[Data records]
========

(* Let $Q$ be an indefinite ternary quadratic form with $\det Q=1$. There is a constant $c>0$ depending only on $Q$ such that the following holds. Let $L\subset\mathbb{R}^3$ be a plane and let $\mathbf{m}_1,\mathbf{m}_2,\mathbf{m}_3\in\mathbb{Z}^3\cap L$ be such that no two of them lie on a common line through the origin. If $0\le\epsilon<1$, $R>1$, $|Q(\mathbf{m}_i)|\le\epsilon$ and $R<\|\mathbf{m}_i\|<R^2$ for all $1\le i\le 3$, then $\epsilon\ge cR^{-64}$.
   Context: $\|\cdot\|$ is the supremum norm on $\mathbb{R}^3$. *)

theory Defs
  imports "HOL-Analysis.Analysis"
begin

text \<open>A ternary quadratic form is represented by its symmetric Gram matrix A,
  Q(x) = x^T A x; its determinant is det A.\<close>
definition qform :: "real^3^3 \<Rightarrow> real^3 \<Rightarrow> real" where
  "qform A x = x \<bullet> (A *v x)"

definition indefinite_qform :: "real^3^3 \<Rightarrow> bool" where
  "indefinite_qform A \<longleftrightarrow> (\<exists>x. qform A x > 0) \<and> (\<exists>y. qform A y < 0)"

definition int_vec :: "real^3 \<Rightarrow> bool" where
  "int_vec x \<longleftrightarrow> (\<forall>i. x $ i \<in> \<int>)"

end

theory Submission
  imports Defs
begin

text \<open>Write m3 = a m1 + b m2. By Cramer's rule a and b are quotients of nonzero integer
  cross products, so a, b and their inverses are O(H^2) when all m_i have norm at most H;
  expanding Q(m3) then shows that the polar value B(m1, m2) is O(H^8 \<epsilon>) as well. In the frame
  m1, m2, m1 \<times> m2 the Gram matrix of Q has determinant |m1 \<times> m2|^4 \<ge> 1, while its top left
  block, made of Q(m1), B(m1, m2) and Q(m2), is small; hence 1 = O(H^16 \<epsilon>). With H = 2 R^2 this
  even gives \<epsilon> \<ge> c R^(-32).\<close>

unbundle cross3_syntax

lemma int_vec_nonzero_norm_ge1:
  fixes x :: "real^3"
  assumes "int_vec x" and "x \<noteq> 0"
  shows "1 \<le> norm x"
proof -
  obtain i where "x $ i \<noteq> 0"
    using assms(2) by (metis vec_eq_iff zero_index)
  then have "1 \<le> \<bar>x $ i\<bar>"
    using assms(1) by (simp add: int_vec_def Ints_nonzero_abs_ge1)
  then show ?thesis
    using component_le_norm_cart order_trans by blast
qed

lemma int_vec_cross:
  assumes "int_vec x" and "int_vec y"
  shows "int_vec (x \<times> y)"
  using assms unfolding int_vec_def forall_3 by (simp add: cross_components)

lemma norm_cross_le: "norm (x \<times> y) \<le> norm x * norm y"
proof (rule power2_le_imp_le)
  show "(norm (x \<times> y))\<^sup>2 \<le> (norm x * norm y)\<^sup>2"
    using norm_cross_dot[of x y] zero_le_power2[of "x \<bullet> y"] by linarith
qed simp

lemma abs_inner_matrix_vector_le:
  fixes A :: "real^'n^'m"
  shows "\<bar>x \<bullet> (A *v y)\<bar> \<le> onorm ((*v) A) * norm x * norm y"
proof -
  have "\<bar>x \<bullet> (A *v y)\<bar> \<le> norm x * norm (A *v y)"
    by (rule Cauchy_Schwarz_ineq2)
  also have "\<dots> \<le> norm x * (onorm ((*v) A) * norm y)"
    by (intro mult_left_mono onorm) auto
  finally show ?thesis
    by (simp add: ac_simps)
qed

========

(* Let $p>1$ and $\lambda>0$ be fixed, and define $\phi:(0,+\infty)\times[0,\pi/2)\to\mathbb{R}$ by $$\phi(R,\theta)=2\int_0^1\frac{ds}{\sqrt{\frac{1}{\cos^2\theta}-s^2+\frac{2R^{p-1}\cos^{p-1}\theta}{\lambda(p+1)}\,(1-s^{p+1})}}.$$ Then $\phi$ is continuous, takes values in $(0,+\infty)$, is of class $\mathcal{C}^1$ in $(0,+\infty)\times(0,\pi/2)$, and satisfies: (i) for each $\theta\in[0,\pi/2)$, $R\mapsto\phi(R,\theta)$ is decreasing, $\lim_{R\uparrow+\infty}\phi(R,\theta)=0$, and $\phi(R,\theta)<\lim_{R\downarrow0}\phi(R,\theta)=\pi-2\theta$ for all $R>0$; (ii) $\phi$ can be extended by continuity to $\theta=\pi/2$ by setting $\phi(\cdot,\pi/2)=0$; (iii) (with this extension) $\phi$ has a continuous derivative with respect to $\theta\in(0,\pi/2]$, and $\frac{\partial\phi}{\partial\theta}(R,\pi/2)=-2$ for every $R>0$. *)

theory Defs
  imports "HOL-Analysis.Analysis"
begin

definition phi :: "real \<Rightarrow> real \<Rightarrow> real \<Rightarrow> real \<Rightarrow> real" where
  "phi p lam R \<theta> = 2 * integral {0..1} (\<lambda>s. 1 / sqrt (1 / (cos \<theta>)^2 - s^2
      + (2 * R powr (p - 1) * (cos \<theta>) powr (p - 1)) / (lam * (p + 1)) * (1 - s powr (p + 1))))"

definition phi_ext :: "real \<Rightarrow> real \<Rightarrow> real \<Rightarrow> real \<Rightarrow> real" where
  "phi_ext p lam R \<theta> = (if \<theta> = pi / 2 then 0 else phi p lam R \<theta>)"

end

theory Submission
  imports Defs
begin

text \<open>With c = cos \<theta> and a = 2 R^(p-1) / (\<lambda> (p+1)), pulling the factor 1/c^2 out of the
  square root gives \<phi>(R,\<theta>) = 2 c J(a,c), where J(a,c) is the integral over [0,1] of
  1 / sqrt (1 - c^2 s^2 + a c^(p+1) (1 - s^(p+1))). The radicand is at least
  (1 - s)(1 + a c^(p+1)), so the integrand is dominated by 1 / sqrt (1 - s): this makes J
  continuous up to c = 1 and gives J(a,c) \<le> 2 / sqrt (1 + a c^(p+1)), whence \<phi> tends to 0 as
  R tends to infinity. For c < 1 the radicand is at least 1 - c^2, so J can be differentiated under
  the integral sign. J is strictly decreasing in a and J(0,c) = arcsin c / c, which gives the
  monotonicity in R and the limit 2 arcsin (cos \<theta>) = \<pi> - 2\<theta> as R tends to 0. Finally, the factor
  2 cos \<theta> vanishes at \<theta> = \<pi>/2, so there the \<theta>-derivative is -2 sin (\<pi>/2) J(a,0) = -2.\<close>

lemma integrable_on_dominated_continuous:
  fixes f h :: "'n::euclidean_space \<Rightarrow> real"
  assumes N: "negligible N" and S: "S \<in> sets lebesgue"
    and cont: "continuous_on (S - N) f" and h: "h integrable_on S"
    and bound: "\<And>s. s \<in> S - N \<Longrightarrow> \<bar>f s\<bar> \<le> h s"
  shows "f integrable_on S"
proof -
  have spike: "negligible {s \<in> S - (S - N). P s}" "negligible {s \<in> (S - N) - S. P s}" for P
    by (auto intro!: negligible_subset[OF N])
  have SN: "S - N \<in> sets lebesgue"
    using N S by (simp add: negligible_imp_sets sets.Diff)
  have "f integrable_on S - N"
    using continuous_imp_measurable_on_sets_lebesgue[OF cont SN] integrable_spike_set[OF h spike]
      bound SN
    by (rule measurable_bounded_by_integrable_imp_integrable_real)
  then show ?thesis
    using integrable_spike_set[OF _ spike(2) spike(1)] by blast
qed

========

* _Exercise objective_
Note each line above that holds "lemma", then copy all of them.

* _Answer below_
lemma int_vec_nonzero_norm_ge1:
lemma int_vec_cross:
lemma norm_cross_le: "norm (x \<times> y) \<le> norm x * norm y"
lemma abs_inner_matrix_vector_le:
lemma integrable_on_dominated_continuous:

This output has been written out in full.